> ACTIVITY:
Using the records provided below, locate and copy each line that contains the word "intro".
### GIVEN INFORMATION
(* Let $J_1,J_2\in\mathbb{R}$, $\beta>0$, $a=e^{J_1\beta}$, $b=e^{J_2\beta}$, and let $F$ and $M_1$ be as below. 1) If $J_2>0$, then for every integer $p\ge2$ the equation $F^p(u)=u$ has no solution $u\in M_1\setminus \mathrm{Fix}(F)$. 2) If $J_2<0$, then for every integer $p\ge3$ the equation $F^p(u)=u$ has no solution $u\in M_1\setminus(\mathrm{Fix}(F)\cup\mathrm{Per}_2(F))$.
   Context: $F:\mathbb{R}^4_+\to\mathbb{R}^4_+$ (positive coordinates) is $F(u)=(u_1',u_2',u_3',u_4')$ with $u_1'=a(bu_1+b^{-1}u_2)^2$, $u_2'=a^{-1}(bu_3+b^{-1}u_4)^2$, $u_3'=a^{-1}(b^{-1}u_1+bu_2)^2$, $u_4'=a(b^{-1}u_3+bu_4)^2$. $M_1=\{u\in\mathbb{R}^4_+:\ u_1=u_4,\ u_2=u_3\}$. $F^p$ is the $p$-th iterate, $\mathrm{Fix}(F)=\{u:F(u)=u\}$, and $\mathrm{Per}_2(F)$ is the set of points of prime (least) period $2$ of $F$. *)

theory Defs
  imports Complex_Main
begin

type_synonym vec4 = "real \<times> real \<times> real \<times> real"

definition F :: "real \<Rightarrow> real \<Rightarrow> vec4 \<Rightarrow> vec4" where
  "F a b u = (case u of (u1, u2, u3, u4) \<Rightarrow>
     (a * (b * u1 + u2 / b)^2,
      (1 / a) * (b * u3 + u4 / b)^2,
      (1 / a) * (u1 / b + b * u2)^2,
      a * (u3 / b + b * u4)^2))"

definition pos4 :: "vec4 set" where
  "pos4 = {(u1, u2, u3, u4). u1 > 0 \<and> u2 > 0 \<and> u3 > 0 \<and> u4 > 0}"

definition M1 :: "vec4 set" where
  "M1 = {u \<in> pos4. case u of (u1, u2, u3, u4) \<Rightarrow> u1 = u4 \<and> u2 = u3}"

definition Fix :: "(vec4 \<Rightarrow> vec4) \<Rightarrow> vec4 set" where
  "Fix f = {u \<in> pos4. f u = u}"

definition Per2 :: "(vec4 \<Rightarrow> vec4) \<Rightarrow> vec4 set" where
  "Per2 f = {u \<in> pos4. (f ^^ 2) u = u \<and> f u \<noteq> u}"

end

theory Submission
  imports Defs "HOL-Analysis.Product_Vector"
begin

(* On the invariant plane M1 = {u1 = u4, u2 = u3} the map F acts as a planar
   map F_plane (x, y) = (a (b x + y/b)^2, a^-1 (x/b + b y)^2), which is homogeneous of
   degree 2: F_plane (l q) = l^2 F_plane q.  Consequently the ratio t = x/y evolves by a
   one-dimensional map ratio_map on (0, oo), which is strictly increasing for b > 1
   (i.e. J2 > 0) and strictly decreasing for b < 1 (i.e. J2 < 0), so that in the latter
   case its second iterate is increasing.  Taking m = 1 (J2 > 0) resp. m = 2 (J2 < 0) yields the
   theorem; in fact the argument works for every period p >= 1. *)

text \<open>Periodic points of strictly increasing maps are fixed: the orbit of a point that is
  not fixed drifts monotonically away from it.\<close>
lemma periodic_point_of_strict_mono_is_fixed:
  fixes g :: "'a::linorder \<Rightarrow> 'a"
  assumes mono: "strict_mono_on S g" and maps: "g ` S \<subseteq> S"
    and t: "t \<in> S" and p: "p \<ge> 1" and per: "(g ^^ p) t = t"
  shows "g t = t"
proof -
  have orbit_in_S: "(g ^^ n) t \<in> S" for n
    by (induction n) (use t maps in auto)
  have drift: "(t < g t \<longrightarrow> t < (g ^^ Suc n) t) \<and> (g t < t \<longrightarrow> (g ^^ Suc n) t < t)" for n
  proof (induction n)
    case (Suc n)
    let ?s = "(g ^^ Suc n) t"
    have "t < ?s \<Longrightarrow> g t < g ?s" "?s < t \<Longrightarrow> g ?s < g t"
      using strict_mono_onD[OF mono] t orbit_in_S[of "Suc n"] by blast+
    then show ?case using Suc by auto
  qed simp
  show ?thesis
    using drift[of "p - 1"] per p by (cases "g t" t rule: linorder_cases) auto
qed

lemma funpow_homogeneous:
  fixes \<Phi> :: "'v::real_vector \<Rightarrow> 'v"
  assumes hom: "\<And>l q. \<Phi> (l *\<^sub>R q) = l^2 *\<^sub>R \<Phi> q"
  shows "(\<Phi> ^^ n) (l *\<^sub>R q) = l^(2^n) *\<^sub>R (\<Phi> ^^ n) q"
  by (induction n) (simp_all add: hom power_mult[symmetric] mult.commute)

lemma homogeneous_scaled_orbit:
  fixes \<Phi> :: "'v::real_vector \<Rightarrow> 'v"
  assumes hom: "\<And>l q. \<Phi> (l *\<^sub>R q) = l^2 *\<^sub>R \<Phi> q"
    and scaled: "(\<Phi> ^^ m) q = \<mu> *\<^sub>R q"
  shows "\<exists>N. (\<Phi> ^^ (m * k)) q = \<mu>^N *\<^sub>R q \<and> (k > 0 \<longrightarrow> N > 0)"
proof (induction k)
  case 0
  show ?case by (intro exI[of _ 0]) simp
next
  case (Suc k)
  then obtain N where N: "(\<Phi> ^^ (m * k)) q = \<mu>^N *\<^sub>R q" by blast
  have "(\<Phi> ^^ (m * Suc k)) q = (\<Phi> ^^ m) ((\<Phi> ^^ (m * k)) q)"
    by (simp add: funpow_add)
  also have "\<dots> = (\<mu>^N)^(2^m) *\<^sub>R \<mu> *\<^sub>R q"
    by (simp add: N funpow_homogeneous[OF hom] scaled)
  also have "\<dots> = \<mu>^(N * 2^m + 1) *\<^sub>R q"
    by (simp add: power_mult power_add)
  finally show ?case by (intro exI[of _ "N * 2^m + 1"]) simp
qed

lemma homogeneous_periodic_scaling_trivial:
  fixes \<Phi> :: "'v::real_vector \<Rightarrow> 'v"
  assumes hom: "\<And>l q. \<Phi> (l *\<^sub>R q) = l^2 *\<^sub>R \<Phi> q"
    and scaled: "(\<Phi> ^^ m) q = \<mu> *\<^sub>R q" and \<mu>: "\<mu> > 0" and q: "q \<noteq> 0"
    and k: "k \<ge> 1" and per: "(\<Phi> ^^ (m * k)) q = q"
  shows "\<mu> = 1"
proof -
  obtain N where N: "q = \<mu>^N *\<^sub>R q" "N > 0"
    using homogeneous_scaled_orbit[OF hom scaled, of k] k per by auto
  then have "\<mu>^N = 1^N"
    using q scaleR_cancel_right[of "\<mu>^N" q 1] by simp
  then show ?thesis
    using power_eq_iff_eq_base[OF \<open>N > 0\<close>, of \<mu> 1] \<mu> by simp
qed

text \<open>The restriction of F to the plane M1, in the coordinates (u1, u2) = (u4, u3).\<close>
definition F_plane :: "real \<Rightarrow> real \<Rightarrow> real \<times> real \<Rightarrow> real \<times> real" where
  "F_plane a b q = (a * (b * fst q + snd q / b)^2, (1/a) * (fst q / b + b * snd q)^2)"

definition diag :: "real \<times> real \<Rightarrow> vec4" where
  "diag q = (fst q, snd q, snd q, fst q)"

definition quadrant :: "(real \<times> real) set" where
  "quadrant = {q. fst q > 0 \<and> snd q > 0}"

definition ratio :: "real \<times> real \<Rightarrow> real" where
  "ratio q = fst q / snd q"

text \<open>The induced dynamics of the ratio x/y.\<close>
definition ratio_map :: "real \<Rightarrow> real \<Rightarrow> real \<Rightarrow> real" where
  "ratio_map a b t = a^2 * ((b^2 * t + 1) / (t + b^2))^2"

lemma M1_eq_diag_quadrant: "M1 = diag ` quadrant"
  by (force simp: M1_def pos4_def diag_def quadrant_def image_iff)

lemma diag_inj: "diag q = diag r \<longleftrightarrow> q = r"
  by (cases q, cases r) (auto simp: diag_def)

lemma F_funpow_diag: "(F a b ^^ n) (diag q) = diag ((F_plane a b ^^ n) q)"
proof (induction n)
  case (Suc n)
  have "F a b (diag r) = diag (F_plane a b r)" for r
    by (cases r) (simp add: F_def diag_def F_plane_def add.commute)
  then show ?case using Suc by simp
qed simp

lemma F_plane_homogeneous: "F_plane a b (l *\<^sub>R q) = l^2 *\<^sub>R F_plane a b q"
  by (simp add: F_plane_def prod_eq_iff field_simps power2_eq_square)

lemma F_plane_quadrant:
  assumes a: "a > 0" and b: "b > 0" and q: "q \<in> quadrant"
  shows "(F_plane a b ^^ n) q \<in> quadrant"
proof -
  have "F_plane a b r \<in> quadrant" if "r \<in> quadrant" for r
  proof -
    have "b * fst r + snd r / b > 0" "fst r / b + b * snd r > 0"
      using b that by (simp_all add: quadrant_def add_pos_pos)
    then show ?thesis using a by (simp add: F_plane_def quadrant_def)
  qed
  then show ?thesis by (induction n) (simp_all add: q)
qed

text \<open>Homogeneity makes the ratio of the image depend only on the ratio of the point.\<close>
lemma ratio_F_plane:
  assumes a: "a > 0" and b: "b > 0" and q: "q \<in> quadrant"
  shows "ratio (F_plane a b q) = ratio_map a b (ratio q)"
proof -
  obtain x y where xy: "q = (x, y)" "x > 0" "y > 0"
    using q by (cases q) (auto simp: quadrant_def)
  have num: "b * x + y / b = (b^2 * (x/y) + 1) * (y / b)"
    and den: "x / b + b * y = (x/y + b^2) * (y / b)"
    using b xy by (simp_all add: field_simps power2_eq_square)
  have "y / b \<noteq> 0" using b xy by simp
  then have "(b * x + y / b) / (x / b + b * y) = (b^2 * (x/y) + 1) / (x/y + b^2)"
    unfolding num den by simp
  moreover have "ratio (F_plane a b q) = a^2 * ((b * x + y / b) / (x / b + b * y))^2"
    using a by (simp add: xy ratio_def F_plane_def power_divide power2_eq_square)
  ultimately show ?thesis by (simp add: ratio_map_def ratio_def xy)
qed

lemma ratio_F_plane_funpow:
  assumes "a > 0" "b > 0" "q \<in> quadrant"
  shows "ratio ((F_plane a b ^^ n) q) = (ratio_map a b ^^ n) (ratio q)"
  by (induction n) (simp_all add: ratio_F_plane F_plane_quadrant assms)

lemma equal_ratio_scaled:
  assumes q: "q \<in> quadrant" and r: "r \<in> quadrant" and eq: "ratio r = ratio q"
  shows "r = (fst r / fst q) *\<^sub>R q" "fst r / fst q > 0"
proof -
  have "fst r * snd q = fst q * snd r"
    using eq q r by (simp add: ratio_def quadrant_def field_simps)
  then show "r = (fst r / fst q) *\<^sub>R q"
    using q by (simp add: quadrant_def prod_eq_iff field_simps)
  show "fst r / fst q > 0" using q r by (simp add: quadrant_def)
qed

text \<open>The sign of b - 1 governs the monotonicity of the ratio map, through the identity
  h t - h s = (b^4 - 1)(t - s) / ((t + b^2)(s + b^2)) for h t = (b^2 t + 1)/(t + b^2).\<close>
lemma ratio_map_core_diff:
  fixes b s t :: real
  assumes "s > 0" "t > 0"
  shows "(b^2 * t + 1) / (t + b^2) - (b^2 * s + 1) / (s + b^2)
           = (b^4 - 1) * (t - s) / ((t + b^2) * (s + b^2))"
proof -
  have "t + b^2 > 0" "s + b^2 > 0" using assms by (simp_all add: add_pos_nonneg)
  then show ?thesis by (simp add: field_simps)
qed

lemma ratio_core_pos:
  fixes b t :: real
  assumes "t > 0"
  shows "(b^2 * t + 1) / (t + b^2) > 0"
proof -
  have "b^2 * t \<ge> 0" using assms by simp
  then have "t + b^2 > 0" "b^2 * t + 1 > 0" using assms zero_le_power2[of b] by linarith+
  then show ?thesis by simp
qed

lemma ratio_map_pos:
  assumes "a > 0" "t > 0"
  shows "ratio_map a b t > 0"
proof -
  have "(b^2 * t + 1) / (t + b^2) \<noteq> 0" using ratio_core_pos[OF assms(2), of b] by linarith
  then show ?thesis using assms(1) by (simp add: ratio_map_def)
qed

lemma ratio_map_strict_mono:
  assumes "a > 0" "b > 1"
  shows "strict_mono_on {0<..} (ratio_map a b)"
proof (rule strict_mono_onI)
  fix s t :: real assume st: "s \<in> {0<..}" "t \<in> {0<..}" "s < t"
  have "b^4 > 1" using assms one_less_power[of b 4] by simp
  then have "(b^4 - 1) * (t - s) / ((t + b^2) * (s + b^2)) > 0"
    using st by (simp add: add_pos_nonneg)
  then have "(b^2 * s + 1) / (s + b^2) < (b^2 * t + 1) / (t + b^2)"
    using ratio_map_core_diff[of s t b] st by simp
  moreover have "(b^2 * s + 1) / (s + b^2) > 0" using st ratio_core_pos by simp
  ultimately show "ratio_map a b s < ratio_map a b t"
    using assms by (simp add: ratio_map_def power_strict_mono)
qed

lemma ratio_map_strict_antimono:
  assumes "a > 0" "0 < b" "b < 1"
  shows "strict_antimono_on {0<..} (ratio_map a b)"
proof (rule monotone_onI)
  fix s t :: real assume st: "s \<in> {0<..}" "t \<in> {0<..}" "s < t"
  have "b^4 < 1" using assms by (simp add: power_less_one_iff)
  then have "(b^4 - 1) * (t - s) / ((t + b^2) * (s + b^2)) < 0"
    using st by (simp add: add_pos_nonneg mult_neg_pos divide_neg_pos)
  then have "(b^2 * t + 1) / (t + b^2) < (b^2 * s + 1) / (s + b^2)"
    using ratio_map_core_diff[of s t b] st by simp
  moreover have "(b^2 * t + 1) / (t + b^2) > 0" using st ratio_core_pos by simp
  ultimately show "ratio_map a b t < ratio_map a b s"
    using assms by (simp add: ratio_map_def power_strict_mono)
qed

lemma ratio_map_twice_strict_mono:
  assumes "a > 0" "0 < b" "b < 1"
  shows "strict_mono_on {0<..} (ratio_map a b ^^ 2)"
proof (rule strict_mono_onI)
  fix s t :: real assume st: "s \<in> {0<..}" "t \<in> {0<..}" "s < t"
  note anti = monotone_onD[OF ratio_map_strict_antimono[OF assms]]
  have "ratio_map a b t < ratio_map a b s" using anti st by blast
  then have "ratio_map a b (ratio_map a b s) < ratio_map a b (ratio_map a b t)"
    using anti ratio_map_pos assms st by simp
  then show "(ratio_map a b ^^ 2) s < (ratio_map a b ^^ 2) t"
    by (simp add: numeral_2_eq_2)
qed

lemma F_plane_period_reduction:
  assumes a: "a > 0" and b: "b > 0" and q: "q \<in> quadrant"
    and mono: "strict_mono_on {0<..} (ratio_map a b ^^ m)"
    and k: "k \<ge> 1" and per: "(F_plane a b ^^ (m * k)) q = q"
  shows "(F_plane a b ^^ m) q = q"
proof -
  let ?r = "(F_plane a b ^^ m) q"
  have maps: "(ratio_map a b ^^ m) ` {0<..} \<subseteq> {0<..}"
  proof -
    have "(ratio_map a b ^^ n) t > 0" if "t > 0" for n and t :: real
      by (induction n) (simp_all add: that ratio_map_pos a)
    then show ?thesis by auto
  qed
  have t: "ratio q \<in> {0<..}" using q by (simp add: quadrant_def ratio_def)
  have "((ratio_map a b ^^ m) ^^ k) (ratio q) = ratio q"
    using ratio_F_plane_funpow[OF a b q, of "m * k"] per by (simp add: funpow_mult)
  then have "(ratio_map a b ^^ m) (ratio q) = ratio q"
    using periodic_point_of_strict_mono_is_fixed[OF mono maps t k] by blast
  then have "ratio ?r = ratio q"
    using ratio_F_plane_funpow[OF a b q] by simp
  then obtain \<mu> where \<mu>: "?r = \<mu> *\<^sub>R q" "\<mu> > 0"
    using equal_ratio_scaled[OF q F_plane_quadrant[OF a b q]] by blast
  have "q \<noteq> 0" using q by (auto simp: quadrant_def)
  then have "\<mu> = 1"
    using homogeneous_periodic_scaling_trivial[OF F_plane_homogeneous \<mu> _ k per] by blast
  then show ?thesis using \<mu> by simp
qed

lemma F_M1_period_reduction:
  assumes "a > 0" "b > 0" and mono: "strict_mono_on {0<..} (ratio_map a b ^^ m)"
    and u: "u \<in> M1" and k: "k \<ge> 1" and per: "(F a b ^^ (m * k)) u = u"
  shows "(F a b ^^ m) u = u"
proof -
  obtain q where q: "u = diag q" "q \<in> quadrant"
    using u by (auto simp: M1_eq_diag_quadrant)
  have "(F_plane a b ^^ (m * k)) q = q"
    using per q by (simp add: F_funpow_diag diag_inj)
  then show ?thesis
    using F_plane_period_reduction[OF assms(1,2) q(2) mono k] q by (simp add: F_funpow_diag)
qed

theorem lemma5:
  fixes J1 J2 \<beta> a b :: real
  assumes "\<beta> > 0" and "a = exp (J1 * \<beta>)" and "b = exp (J2 * \<beta>)"
  shows "(J2 > 0 \<longrightarrow> (\<forall>p::nat. p \<ge> 2 \<longrightarrow>
            \<not> (\<exists>u \<in> M1 - Fix (F a b). (F a b ^^ p) u = u)))
       \<and> (J2 < 0 \<longrightarrow> (\<forall>p::nat. p \<ge> 3 \<longrightarrow>
            \<not> (\<exists>u \<in> M1 - (Fix (F a b) \<union> Per2 (F a b)). (F a b ^^ p) u = u)))"
proof -
  have a: "a > 0" and b: "b > 0" using assms by simp_all
  have M1_pos4: "M1 \<subseteq> pos4" by (auto simp: M1_def)
  have case_pos: "\<not> (\<exists>u \<in> M1 - Fix (F a b). (F a b ^^ p) u = u)" if "J2 > 0" "p \<ge> 2" for p
  proof
    assume "\<exists>u \<in> M1 - Fix (F a b). (F a b ^^ p) u = u"
    then obtain u where u: "u \<in> M1 - Fix (F a b)" "(F a b ^^ p) u = u" by blast
    have "b > 1" using assms that by simp
    then have "strict_mono_on {0<..} (ratio_map a b ^^ 1)"
      using ratio_map_strict_mono[OF a] by simp
    then have "(F a b ^^ 1) u = u"
      using F_M1_period_reduction[OF a b, of 1 u p] u that by simp
    then show False using u M1_pos4 by (auto simp: Fix_def)
  qed
  have case_neg: "\<not> (\<exists>u \<in> M1 - (Fix (F a b) \<union> Per2 (F a b)). (F a b ^^ p) u = u)"
    if "J2 < 0" "p \<ge> 3" for p
  proof
    assume "\<exists>u \<in> M1 - (Fix (F a b) \<union> Per2 (F a b)). (F a b ^^ p) u = u"
    then obtain u where u: "u \<in> M1 - (Fix (F a b) \<union> Per2 (F a b))" "(F a b ^^ p) u = u"
      by blast
    have "b < 1" using assms that by (simp add: mult_neg_pos)
    have "(F a b ^^ (2 * p)) u = ((F a b ^^ p) ^^ 2) u"
      by (simp add: funpow_mult mult.commute)
    then have "(F a b ^^ (2 * p)) u = u"
      using u(2) by (simp add: numeral_2_eq_2)
    then have "(F a b ^^ 2) u = u"
      using F_M1_period_reduction[OF a b ratio_map_twice_strict_mono[OF a b \<open>b < 1\<close>], of u p]
        u that by simp
    then show False using u M1_pos4 by (auto simp: Fix_def Per2_def)
  qed
  show ?thesis using case_pos case_neg by blast
qed

end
######
> FINISHED EXERCISE:
  show ?case by (intro exI[of _ 0]) simp
  finally show ?case by (intro exI[of _ "N * 2^m + 1"]) simp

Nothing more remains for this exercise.